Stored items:

------------------------------------------------

lemma admissible_double_index_minus_delta: "admissible (\<lambda>k. 2 * int (n k) - delta i k)"
  unfolding admissible_def odd_entries_double_index_minus_delta by simp

lemma the_odd_delta: "(THE k. odd (delta i k)) = i"
  by (rule the_equality) (auto simp: delta_def split: if_splits)

lemma even_index_ne_neg_delta: "(\<lambda>k. 2 * j k) \<noteq> (\<lambda>k. - delta i k)"
proof
  assume "(\<lambda>k. 2 * j k) = (\<lambda>k. - delta i k)"
  then have "2 * j i = - 1" by (metis delta_def)
  then show False by presburger
qed

lemma double_index_minus_double_delta_ne_neg_delta:
  "(\<lambda>k. 2 * int (n k) - 2 * delta i k) \<noteq> (\<lambda>k. - delta i' k)"
  using even_index_ne_neg_delta[of "\<lambda>k. int (n k) - delta i k" i'] by (simp add: algebra_simps)

lemma double_index_minus_delta_eq_neg_delta:
  assumes "(\<lambda>k. 2 * int (n k) - delta i k) = (\<lambda>k. - delta i' k)"
  shows "n = (\<lambda>_. 0)"
proof
  fix k
  from assms have "2 * int (n k) - delta i k = - delta i' k" by metis
  then show "n k = 0" by (auto simp: delta_def split: if_splits)
qed

locale formal_powers =
  fixes x1 x2 x0 :: real
    and p u0 :: "real \<Rightarrow> complex"
    and r s :: "'d::finite \<Rightarrow> real \<Rightarrow> complex"
begin

abbreviation "R \<equiv> Rop x1 x2 r s"
abbreviation "Xt \<equiv> XtL x1 x2 x0 p u0 r s"
abbreviation "Xtil \<equiv> Xtilde x1 x2 x0 p u0 r s"
abbreviation "Xl \<equiv> XL x1 x2 x0 p u0 r s"
abbreviation "X \<equiv> Xpow x1 x2 x0 p u0 r s"

lemma XtL_negative_index: "j i < 0 \<Longrightarrow> Xt k j = (\<lambda>_. 0)"
  by (cases k) auto

lemma Xtilde_negative_index: "j i < 0 \<Longrightarrow> Xtil j = (\<lambda>_. 0)"
  unfolding Xtilde_def by (rule XtL_negative_index)

lemma XL_negative_index: "j i < 0 \<Longrightarrow> (\<And>i'. j \<noteq> (\<lambda>k. - delta i' k)) \<Longrightarrow> Xl k j = (\<lambda>_. 0)"
  by (cases k) auto

lemma XL_neg_delta: "Xl k (\<lambda>k. - delta i k) = (\<lambda>_. 1 / of_nat CARD('d))"
  by (cases k) auto

lemma Xtilde_double_index:
  assumes "sum n UNIV > 0"
  shows "Xtil (\<lambda>k. 2 * int (n k)) = (\<lambda>x. of_nat (2 * sum n UNIV) * integ x0 (\<lambda>t.
     1 / (p t * (u0 t)\<^sup>2) * (\<Sum>i\<in>UNIV. Xt (2 * sum n UNIV - 1) (\<lambda>k. 2 * int (n k) - delta i k) t)) x)"
proof -
  obtain l where l: "2 * sum n UNIV = Suc l" using assms by (cases "2 * sum n UNIV") auto
  then have "nat (\<Sum>k\<in>UNIV. 2 * int (n k)) = Suc l" unfolding sum_double_index by (simp flip: of_nat_sum)
  moreover have "\<not> odd (Suc l)" using l by presburger
  ultimately show ?thesis
    unfolding Xtilde_def using l admissible_double_index[of n] by simp
qed

lemma XtL_double_index_minus_delta:
  assumes "n i > 0"
  shows "Xt (2 * sum n UNIV - 1) (\<lambda>k. 2 * int (n k) - delta i k) = (\<lambda>x. of_nat (2 * sum n UNIV - 1) *
     integ x0 (\<lambda>t. u0 t * R i (\<lambda>y. u0 y * Xtil (\<lambda>k. 2 * int (n k) - 2 * delta i k) y) t) x)"
proof -
  have "n i \<le> sum n UNIV" by (rule member_le_sum) auto
  with assms obtain l where l: "2 * sum n UNIV - 1 = Suc l" "2 * sum n UNIV - 2 = l"
    by (intro that[of "2 * sum n UNIV - 2"]) auto
  have "nat (\<Sum>k\<in>UNIV. 2 * int (n k) - 2 * delta i k) = l"
    unfolding sum_double_index_minus_double_delta using l by (auto simp flip: of_nat_sum)
  moreover have "(\<lambda>k'. 2 * int (n k') - delta i k' - delta i k') = (\<lambda>k. 2 * int (n k) - 2 * delta i k)"
    by auto
  moreover have "\<not> (2 * int (n k) - delta i k < 0)" for k
    using assms by (auto simp: delta_def)
  moreover have "odd (Suc l)" using l assms \<open>n i \<le> sum n UNIV\<close> by presburger
  ultimately show ?thesis
    unfolding l(1) Xtilde_def using l admissible_double_index_minus_delta[of n i]
    by (simp add: the_odd_delta)
qed

lemma Xpow_double_index:
  "X (\<lambda>k. 2 * int (n k)) = (\<lambda>x. of_nat (2 * sum n UNIV + 1) * integ x0 (\<lambda>t.
     1 / (p t * (u0 t)\<^sup>2) * (\<Sum>i\<in>UNIV. Xl (2 * sum n UNIV) (\<lambda>k. 2 * int (n k) - delta i k) t)) x)"
proof -
  have "nat ((\<Sum>k\<in>UNIV. 2 * int (n k)) + 1) = Suc (2 * sum n UNIV)"
    unfolding sum_double_index by (simp flip: of_nat_sum)
  moreover have "(\<lambda>k. 2 * int (n k)) \<noteq> (\<lambda>k. - delta i k)" for i
    by (rule even_index_ne_neg_delta)
  ultimately show ?thesis
    unfolding Xpow_def using admissible_double_index[of n] by simp
qed

lemma XL_double_index_minus_delta:
  assumes "n i > 0"
  shows "Xl (2 * sum n UNIV) (\<lambda>k. 2 * int (n k) - delta i k) = (\<lambda>x. of_nat (2 * sum n UNIV) *
     integ x0 (\<lambda>t. u0 t * R i (\<lambda>y. u0 y * X (\<lambda>k. 2 * int (n k) - 2 * delta i k) y) t) x)"
proof -
  have "n i \<le> sum n UNIV" by (rule member_le_sum) auto
  with assms obtain l where l: "2 * sum n UNIV = Suc l" "2 * sum n UNIV - 1 = l"
    by (intro that[of "2 * sum n UNIV - 1"]) auto
  have "nat ((\<Sum>k\<in>UNIV. 2 * int (n k) - 2 * delta i k) + 1) = l"
    unfolding sum_double_index_minus_double_delta using l by (auto simp flip: of_nat_sum)
  moreover have "(\<lambda>k'. 2 * int (n k') - delta i k' - delta i k') = (\<lambda>k. 2 * int (n k) - 2 * delta i k)"
    by auto
  moreover have "\<not> (2 * int (n k) - delta i k < 0)" for k
    using assms by (auto simp: delta_def)
  moreover have "(\<lambda>k. 2 * int (n k) - delta i k) \<noteq> (\<lambda>k. - delta i' k)" for i'
    using assms double_index_minus_delta_eq_neg_delta by fastforce
  moreover have "even (Suc l)" using l by presburger
  ultimately show ?thesis
    unfolding l(1) Xpow_def using l admissible_double_index_minus_delta[of n i]
    by (simp add: the_odd_delta double_index_minus_double_delta_ne_neg_delta)
qed

end

locale sturm_liouville = formal_powers x1 x2 x0 p u0 r s
  for x1 x2 x0 :: real
    and p u0 :: "real \<Rightarrow> complex"
    and r s :: "'d::finite \<Rightarrow> real \<Rightarrow> complex" +
  fixes q :: "real \<Rightarrow> complex"
  assumes x1_less_x2: "x1 < x2" and x0_in: "x0 \<in> {x1..x2}"
    and continuous_p: "continuous_on {x1..x2} p" and p_nonzero: "\<forall>x\<in>{x1..x2}. p x \<noteq> 0"
    and continuous_r: "\<forall>i. continuous_on {x1..x2} (r i)"
    and continuous_s: "\<forall>i. continuous_on {x1..x2} (s i)"
    and u0_nonzero: "\<forall>x\<in>{x1..x2}. u0 x \<noteq> 0"
    and u0_differentiable: "\<forall>x\<in>{x1..x2}. u0 differentiable (at x within {x1..x2})"
    and p_u0'_differentiable:
      "\<forall>x\<in>{x1..x2}. (\<lambda>t. p t * dI x1 x2 u0 t) differentiable (at x within {x1..x2})"
    and L_u0: "\<forall>x\<in>{x1..x2}. Lop x1 x2 p q u0 x = 0"
begin

abbreviation "u0' \<equiv> dI x1 x2 u0"

lemma u0_has_derivative: "x \<in> {x1..x2} \<Longrightarrow> (u0 has_vector_derivative u0' x) (at x within {x1..x2})"
  using u0_differentiable by (simp add: has_vector_derivative_dI)
lemma form_lower_bound_on_kernel_orthogonal:
  assumes "y \<in> {v. S v = 0}\<^sup>\<bottom>"
  shows "\<epsilon> * inner y y \<le> inner (S y) y"
proof -
  define a where "a = (1 - sqrt (1 - \<epsilon>))\<^sup>2"
  have "0 < a" using eps by (simp add: a_def)
  have coercive: "a * inner z z \<le> inner (S z) z" if "z \<in> {v. S v = 0}\<^sup>\<bottom>" for z
  proof -
    obtain k where k: "S k = 0" "z - k \<in> {v. S v = 0}\<^sup>\<bottom>"
      and bound: "norm (z - k) \<le> sqrt (inner (S z) z) / (1 - sqrt (1 - \<epsilon>))"
      by (rule kernel_decomposition)
    have "z - (z - k) \<in> {v. S v = 0}\<^sup>\<bottom>"
      by (rule subspace_diff[OF subspace_orthogonal_comp that k(2)])
    then have "k = 0" using k(1) by (auto simp: orthogonal_comp_def orthogonal_def)
    then have "norm z * (1 - sqrt (1 - \<epsilon>)) \<le> sqrt (inner (S z) z)"
      using bound eps by (simp add: pos_le_divide_eq)
    then have "(norm z * (1 - sqrt (1 - \<epsilon>)))\<^sup>2 \<le> (sqrt (inner (S z) z))\<^sup>2"
      using eps by (intro power_mono) auto
    then have "(norm z * (1 - sqrt (1 - \<epsilon>)))\<^sup>2 \<le> inner (S z) z"
      using form_nonneg by simp
    then show ?thesis by (simp add: a_def power_mult_distrib power2_norm_eq_inner mult.commute)
  qed
  show ?thesis
  proof (rule form_lower_bound_extend[OF bounded_linear symmetric subspace_orthogonal_comp _ coercive _ assms])
    show "S y \<in> {v. S v = 0}\<^sup>\<bottom>" for y by (rule image_in_kernel_orthogonal)
    show "bounded_below_on ({v. S v = 0}\<^sup>\<bottom>) (\<lambda>y. S y - c *\<^sub>R y)" if "a \<le> c" "c < \<epsilon>" for c
      using gap[of c] \<open>0 < a\<close> that bounded_below_on_subset by force
  qed
qed

end

section \<open>Resolvents of symmetric operators\<close>

locale symmetric_operator =
  fixes D :: "'a::real_inner set" and H :: "'a \<Rightarrow> 'a"
  assumes lin_op: "lin_op_on D H"
    and symmetric: "\<And>x y. x \<in> D \<Longrightarrow> y \<in> D \<Longrightarrow> inner (H x) y = inner x (H y)"
begin

lemma subspace_domain: "subspace D"
  and H_add: "x \<in> D \<Longrightarrow> y \<in> D \<Longrightarrow> H (x + y) = H x + H y"
  and H_scale: "x \<in> D \<Longrightarrow> H (c *\<^sub>R x) = c *\<^sub>R H x"
  using lin_op by (auto simp: lin_op_on_def)

lemma H_diff: "x \<in> D \<Longrightarrow> y \<in> D \<Longrightarrow> H (x - y) = H x - H y"
  using H_add[of x "(-1) *\<^sub>R y"] H_scale[of y "-1"] subspace_domain by (simp add: subspace_neg)

lemma subspace_eigenspace: "subspace (eigenspace_op D H l)"
proof -
  have "H 0 = 0" using H_scale[of 0 0] subspace_0[OF subspace_domain] by simp
  then show ?thesis
    using subspace_domain H_add H_scale
    by (auto simp: subspace_def eigenspace_op_def scaleR_add_right scaleR_left_commute)
qed

definition resolvent :: "real \<Rightarrow> 'a \<Rightarrow> 'a" where
  "resolvent l y = (THE x. x \<in> D \<and> H x - l *\<^sub>R x = y)"

context
  fixes l :: real
  assumes regular: "l \<notin> op_spectrum D H"
begin

lemma shift_injective:
  assumes "x \<in> D" "x' \<in> D" "H x - l *\<^sub>R x = H x' - l *\<^sub>R x'"
  shows "x = x'"
proof -
  obtain C where C: "\<forall>x\<in>D. norm x \<le> C * norm (H x - l *\<^sub>R x)"
    using regular by (auto simp: op_spectrum_def)
  have "H (x - x') - l *\<^sub>R (x - x') = (H x - l *\<^sub>R x) - (H x' - l *\<^sub>R x')"
    using H_diff[OF assms(1,2)] by (simp add: algebra_simps)
  also have "\<dots> = 0" using assms(3) by simp
  finally have "H (x - x') - l *\<^sub>R (x - x') = 0" .
  moreover have "x - x' \<in> D" using subspace_domain assms by (simp add: subspace_diff)
  ultimately have "norm (x - x') \<le> 0" using C by force
  then show ?thesis by simp
qed

lemma resolvent_in_domain: "resolvent l y \<in> D"
  and resolvent_eq: "H (resolvent l y) - l *\<^sub>R resolvent l y = y"
proof -
  obtain x where "x \<in> D" "H x - l *\<^sub>R x = y"
    using regular by (auto simp: op_spectrum_def)
  then have "\<exists>!x. x \<in> D \<and> H x - l *\<^sub>R x = y" using shift_injective by blast
  then have "resolvent l y \<in> D \<and> H (resolvent l y) - l *\<^sub>R resolvent l y = y"
    unfolding resolvent_def by (rule theI')
  then show "resolvent l y \<in> D" "H (resolvent l y) - l *\<^sub>R resolvent l y = y" by auto
qed
text \<open>
  Write |\<gamma>| for the entry sum of a restricted sequence. The coefficient of e_\<beta> in e'_\<alpha>,
  multiplied by (-1)^(|\<alpha>| + |\<beta>|), is nonnegative, and positive exactly when \<beta> \<preceq> \<alpha>;
  this is proved along the recursion defining e'. The restricted sequence of l_k(\<gamma>) arises
  from that of \<gamma> by inserting k (and lowering by 2 the inserted value each time it passes an
  entry), so its entry sum changes by k modulo 2. Hence the signed contribution of
  l_a(e'_(a_(n-1),...,a_1)) is nonnegative, positive on all \<beta> \<preceq> \<alpha> with first entry a, and
  zero outside {\<beta>. \<beta> \<preceq> \<alpha>}. The correction term -(\<Delta>_(a-2)/\<Delta>_(a-1)) e'_(a-1,...,a_1) lowers
  |\<alpha>| by one, so with \<Delta>_k > 0 its signed contribution is nonnegative as well and covers the
  \<beta> \<preceq> \<alpha> with first entry below a. Both contributions being nonnegative, nothing cancels.
\<close>

section \<open>Non-crossing matchings\<close>

lemma Dn_arcD: "\<delta> \<in> Dn n \<Longrightarrow> (i, j) \<in> \<delta> \<Longrightarrow> 1 \<le> i \<and> i < j \<and> j \<le> 2 * n"
  unfolding Dn_def by blast

lemma Dn_point_covered:
  assumes "\<delta> \<in> Dn n" "1 \<le> p" "p \<le> 2 * n"
  shows "\<exists>e\<in>\<delta>. fst e = p \<or> snd e = p"
proof -
  have "p \<in> {1..2 * n}" using assms by simp
  then have "\<exists>!e. e \<in> \<delta> \<and> (fst e = p \<or> snd e = p)" using assms(1) unfolding Dn_def by blast
  then show ?thesis by blast
qed
(* Let $G$ be a tricyclic graph with at least one pendant vertex whose base $\widetilde G$ consists of three cycles that pairwise have exactly one vertex $u$ in common (i.e. $\widetilde G$ is the union of three cycles sharing only the single vertex $u$). Then $G\notin\mathscr{G}_{a,b}$ for all integers $a,b$.
   Context: All graphs are simple and connected; $d_G(v)$ is the degree of $v$, $N_G(v)$ its neighbourhood. A tricyclic graph is a connected graph with $|E_G|=|V_G|+2$. For integers $a,b$, $\mathscr{G}_{a,b}$ is the set of connected graphs $G$ such that for every $v\in V_G$, $\sum_{u\in N_G(v)}d_G(u)=a\,d_G(v)+b-d_G(v)^2$ (equivalently, $G$ is connected and its signless Laplacian $D+A$ has exactly two main eigenvalues with parameters $a,b$). A pendant vertex is a vertex of degree $1$. The base $\widetilde{G}$ of $G$ is the subgraph obtained from $G$ by repeatedly deleting pendant vertices until none remain. *)

theory Defs
  imports Main
begin

definition simple_graph :: "'a set \<Rightarrow> ('a \<Rightarrow> 'a \<Rightarrow> bool) \<Rightarrow> bool" where
  "simple_graph V E \<longleftrightarrow> finite V \<and> (\<forall>x y. E x y \<longrightarrow> E y x) \<and> (\<forall>x. \<not> E x x)
     \<and> (\<forall>x y. E x y \<longrightarrow> x \<in> V \<and> y \<in> V)"

definition edges :: "'a set \<Rightarrow> ('a \<Rightarrow> 'a \<Rightarrow> bool) \<Rightarrow> 'a set set" where
  "edges V E = {{x, y} | x y. x \<in> V \<and> y \<in> V \<and> E x y}"

definition connected_graph :: "'a set \<Rightarrow> ('a \<Rightarrow> 'a \<Rightarrow> bool) \<Rightarrow> bool" where
  "connected_graph V E \<longleftrightarrow> V \<noteq> {} \<and>
     (\<forall>x\<in>V. \<forall>y\<in>V. (\<lambda>a b. a \<in> V \<and> b \<in> V \<and> E a b)\<^sup>*\<^sup>* x y)"

definition nbhd :: "'a set \<Rightarrow> ('a \<Rightarrow> 'a \<Rightarrow> bool) \<Rightarrow> 'a \<Rightarrow> 'a set" where
  "nbhd V E v = {u \<in> V. E v u}"

definition deg :: "'a set \<Rightarrow> ('a \<Rightarrow> 'a \<Rightarrow> bool) \<Rightarrow> 'a \<Rightarrow> nat" where
  "deg V E v = card (nbhd V E v)"

definition tricyclic :: "'a set \<Rightarrow> ('a \<Rightarrow> 'a \<Rightarrow> bool) \<Rightarrow> bool" where
  "tricyclic V E \<longleftrightarrow> simple_graph V E \<and> connected_graph V E \<and> card (edges V E) = card V + 2"

definition pendant :: "'a set \<Rightarrow> ('a \<Rightarrow> 'a \<Rightarrow> bool) \<Rightarrow> 'a \<Rightarrow> bool" where
  "pendant V E v \<longleftrightarrow> v \<in> V \<and> deg V E v = 1"

definition in_Gab :: "'a set \<Rightarrow> ('a \<Rightarrow> 'a \<Rightarrow> bool) \<Rightarrow> int \<Rightarrow> int \<Rightarrow> bool" where
  "in_Gab V E a b \<longleftrightarrow> connected_graph V E \<and>
     (\<forall>v\<in>V. (\<Sum>u\<in>nbhd V E v. int (deg V E u))
              = a * int (deg V E v) + b - int (deg V E v) ^ 2)"

definition prune_step :: "('a \<Rightarrow> 'a \<Rightarrow> bool) \<Rightarrow> 'a set \<Rightarrow> 'a set \<Rightarrow> bool" where
  "prune_step E W W' \<longleftrightarrow> (\<exists>v. pendant W E v \<and> W' = W - {v})"

definition is_base :: "'a set \<Rightarrow> ('a \<Rightarrow> 'a \<Rightarrow> bool) \<Rightarrow> 'a set \<Rightarrow> bool" where
  "is_base V E W \<longleftrightarrow> (prune_step E)\<^sup>*\<^sup>* V W \<and> \<not> (\<exists>v. pendant W E v)"

definition cycle_edges :: "'a list \<Rightarrow> 'a set set" where
  "cycle_edges c = {{c ! i, c ! ((i + 1) mod length c)} | i. i < length c}"

definition is_cycle_list :: "'a list \<Rightarrow> bool" where
  "is_cycle_list c \<longleftrightarrow> distinct c \<and> length c \<ge> 3"

end

theory Submission
  imports Defs
begin

text \<open>
Pruning the pendant vertices exhibits \<open>G\<close> as its base \<open>W\<close> with trees hanging from it. The
defining condition at a leaf forces the neighbour of the leaf to have degree \<open>k = a + b - 1\<close>,
and the condition at that neighbour then forces \<open>b < 0\<close>. A tree vertex of minimal height among
those with children has only leaves as children, hence degree \<open>k\<close>, which pins the degree of its
parent to \<open>z = ak + b - k\<^sup>2 - k + 1\<close>; but then the condition at the parent fails, since
\<open>(az + b - z\<^sup>2) - (z + k - 1) = -b(k - 1)(k - 2)(1 + b) \<le> 0\<close>. So every tree vertex is a leaf
attached to a base vertex of degree \<open>k \<ge> 3\<close>. On the three cycles through \<open>u\<close> this leaves the
degrees \<open>2\<close> and \<open>k\<close> away from \<open>u\<close> and \<open>6\<close> or \<open>k\<close> at \<open>u\<close>; the conditions at the neighbours
of \<open>u\<close>, at \<open>u\<close> itself, and summed over the base (where double counting cancels the
neighbour sums) have no integer solution.
\<close>

lemma sum_two_valued:
  fixes g :: "'b \<Rightarrow> 'c::comm_semiring_1"
  assumes "finite X" and "\<forall>v\<in>X. f v = p \<or> f v = q"
  shows "(\<Sum>v\<in>X. g (f v))
           = g p * of_nat (card {v\<in>X. f v = p}) + g q * of_nat (card {v\<in>X. f v \<noteq> p})"
proof -
  have "(\<Sum>v\<in>X. g (f v)) = (\<Sum>v\<in>{v\<in>X. f v = p}. g (f v)) + (\<Sum>v\<in>{v\<in>X. f v \<noteq> p}. g (f v))"
    using assms(1) by (subst sum.union_disjoint[symmetric]) (auto intro: sum.cong)
  also have "\<dots> = (\<Sum>v\<in>{v\<in>X. f v = p}. g p) + (\<Sum>v\<in>{v\<in>X. f v \<noteq> p}. g q)"
    using assms(2) by (intro arg_cong2[where f = "(+)"] sum.cong) auto
  finally show ?thesis by (simp add: mult.commute)
qed

lemma sum_nbhd_swap:
  fixes g :: "'a \<Rightarrow> 'b::comm_semiring_1"
  assumes "finite W" and "\<And>x y. E x y \<Longrightarrow> E y x"
  shows "(\<Sum>w\<in>W. \<Sum>x\<in>nbhd W E w. g x) = (\<Sum>x\<in>W. of_nat (deg W E x) * g x)"
proof -
  have "(\<Sum>w\<in>W. \<Sum>x\<in>nbhd W E w. g x) = (\<Sum>w\<in>W. \<Sum>x\<in>W. if E w x then g x else 0)"
    using assms(1) by (simp add: nbhd_def sum.inter_filter)
  also have "\<dots> = (\<Sum>x\<in>W. \<Sum>w\<in>W. if E w x then g x else 0)"
    by (rule sum.swap)
  also have "\<dots> = (\<Sum>x\<in>W. \<Sum>w\<in>W. if E x w then g x else 0)"
    using assms(2) by (intro sum.cong refl) (metis (full_types))
  also have "\<dots> = (\<Sum>x\<in>W. of_nat (deg W E x) * g x)"
    using assms(1) by (simp add: deg_def nbhd_def sum.inter_filter[symmetric])
  finally show ?thesis .
qed

lemma mod_pred_eq:
  fixes i L :: nat
  assumes "i < L"
  shows "(i + L - 1) mod L = (if i = 0 then L - 1 else i - 1)"
  using assms by (cases i) (simp_all add: mod_if)

lemma mod_succ_eq:
  fixes i L :: nat
  assumes "i < L"
  shows "(i + 1) mod L = (if i + 1 = L then 0 else i + 1)"
  using assms by (simp add: mod_if)

lemma cycle_edgesE:
  assumes "e \<in> cycle_edges c"
  obtains j where "j < length c" "e = {c!j, c!((j + 1) mod length c)}"
  using assms unfolding cycle_edges_def mem_Collect_eq by (elim exE conjE) simp

lemma cycle_edges_neighbours:
  assumes c: "is_cycle_list c" and i: "i < length c"
  shows "{x. {c!i, x} \<in> cycle_edges c}
           = {c ! ((i + 1) mod length c), c ! ((i + length c - 1) mod length c)}"
proof -
  let ?L = "length c"
  define j where "j = (i + ?L - 1) mod ?L"
  have L: "3 \<le> ?L" and dist: "distinct c" using c by (auto simp: is_cycle_list_def)
  have j_eq: "j = (if i = 0 then ?L - 1 else i - 1)" using mod_pred_eq[OF i] by (simp add: j_def)
  have j: "j < ?L" "(j + 1) mod ?L = i"
    using i L unfolding j_eq by auto
  have j_unique: "j' = j" if "j' < ?L" "(j' + 1) mod ?L = i" for j'
    using that i unfolding j_eq mod_succ_eq[OF that(1)] by (cases "j' + 1 = ?L") auto
  have "x = c ! ((i + 1) mod ?L) \<or> x = c ! j" if edge: "{c!i, x} \<in> cycle_edges c" for x
  proof -
    obtain j' where j': "j' < ?L" "{c!i, x} = {c!j', c!((j' + 1) mod ?L)}"
      using edge by (rule cycle_edgesE)
    have "(j' + 1) mod ?L < ?L" using L by (intro mod_less_divisor) linarith
    with j' consider "c!i = c!j'" "x = c!((j' + 1) mod ?L)" | "c!i = c!((j' + 1) mod ?L)" "x = c!j'"
      unfolding doubleton_eq_iff by blast
    then show ?thesis
    proof cases
      case 1
      then have "i = j'" using nth_eq_iff_index_eq[OF dist i j'(1)] by blast
      then show ?thesis using 1 by simp
    next
      case 2
      then have "i = (j' + 1) mod ?L" using nth_eq_iff_index_eq[OF dist i] \<open>(j' + 1) mod ?L < ?L\<close> by blast
      then have "j' = j" using j_unique[OF j'(1)] by simp
      then show ?thesis using 2 by simp
    qed
  qed
  moreover have "{c!i, c!((i + 1) mod ?L)} \<in> cycle_edges c" "{c!i, c!j} \<in> cycle_edges c"
  proof -
    show "{c!i, c!((i + 1) mod ?L)} \<in> cycle_edges c"
      using i unfolding cycle_edges_def by blast
    have "{c!i, c!j} = {c!j, c!((j + 1) mod ?L)}" using j(2) by (simp add: insert_commute)
    then show "{c!i, c!j} \<in> cycle_edges c" using j(1) unfolding cycle_edges_def by blast
  qed
  ultimately show ?thesis unfolding j_def by blast
qed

------------------------------------------------

TASK BRIEF: Return, with no change at all, every line in the entries above from the line containing "bool) \<Rightarrow> int" through the line containing "Pruning the pendant".

RESPONSE AREA:
definition in_Gab :: "'a set \<Rightarrow> ('a \<Rightarrow> 'a \<Rightarrow> bool) \<Rightarrow> int \<Rightarrow> int \<Rightarrow> bool" where
  "in_Gab V E a b \<longleftrightarrow> connected_graph V E \<and>
     (\<forall>v\<in>V. (\<Sum>u\<in>nbhd V E v. int (deg V E u))
              = a * int (deg V E v) + b - int (deg V E v) ^ 2)"

definition prune_step :: "('a \<Rightarrow> 'a \<Rightarrow> bool) \<Rightarrow> 'a set \<Rightarrow> 'a set \<Rightarrow> bool" where
  "prune_step E W W' \<longleftrightarrow> (\<exists>v. pendant W E v \<and> W' = W - {v})"

definition is_base :: "'a set \<Rightarrow> ('a \<Rightarrow> 'a \<Rightarrow> bool) \<Rightarrow> 'a set \<Rightarrow> bool" where
  "is_base V E W \<longleftrightarrow> (prune_step E)\<^sup>*\<^sup>* V W \<and> \<not> (\<exists>v. pendant W E v)"

definition cycle_edges :: "'a list \<Rightarrow> 'a set set" where
  "cycle_edges c = {{c ! i, c ! ((i + 1) mod length c)} | i. i < length c}"

definition is_cycle_list :: "'a list \<Rightarrow> bool" where
  "is_cycle_list c \<longleftrightarrow> distinct c \<and> length c \<ge> 3"

end

theory Submission
  imports Defs
begin

text \<open>
Pruning the pendant vertices exhibits \<open>G\<close> as its base \<open>W\<close> with trees hanging from it. The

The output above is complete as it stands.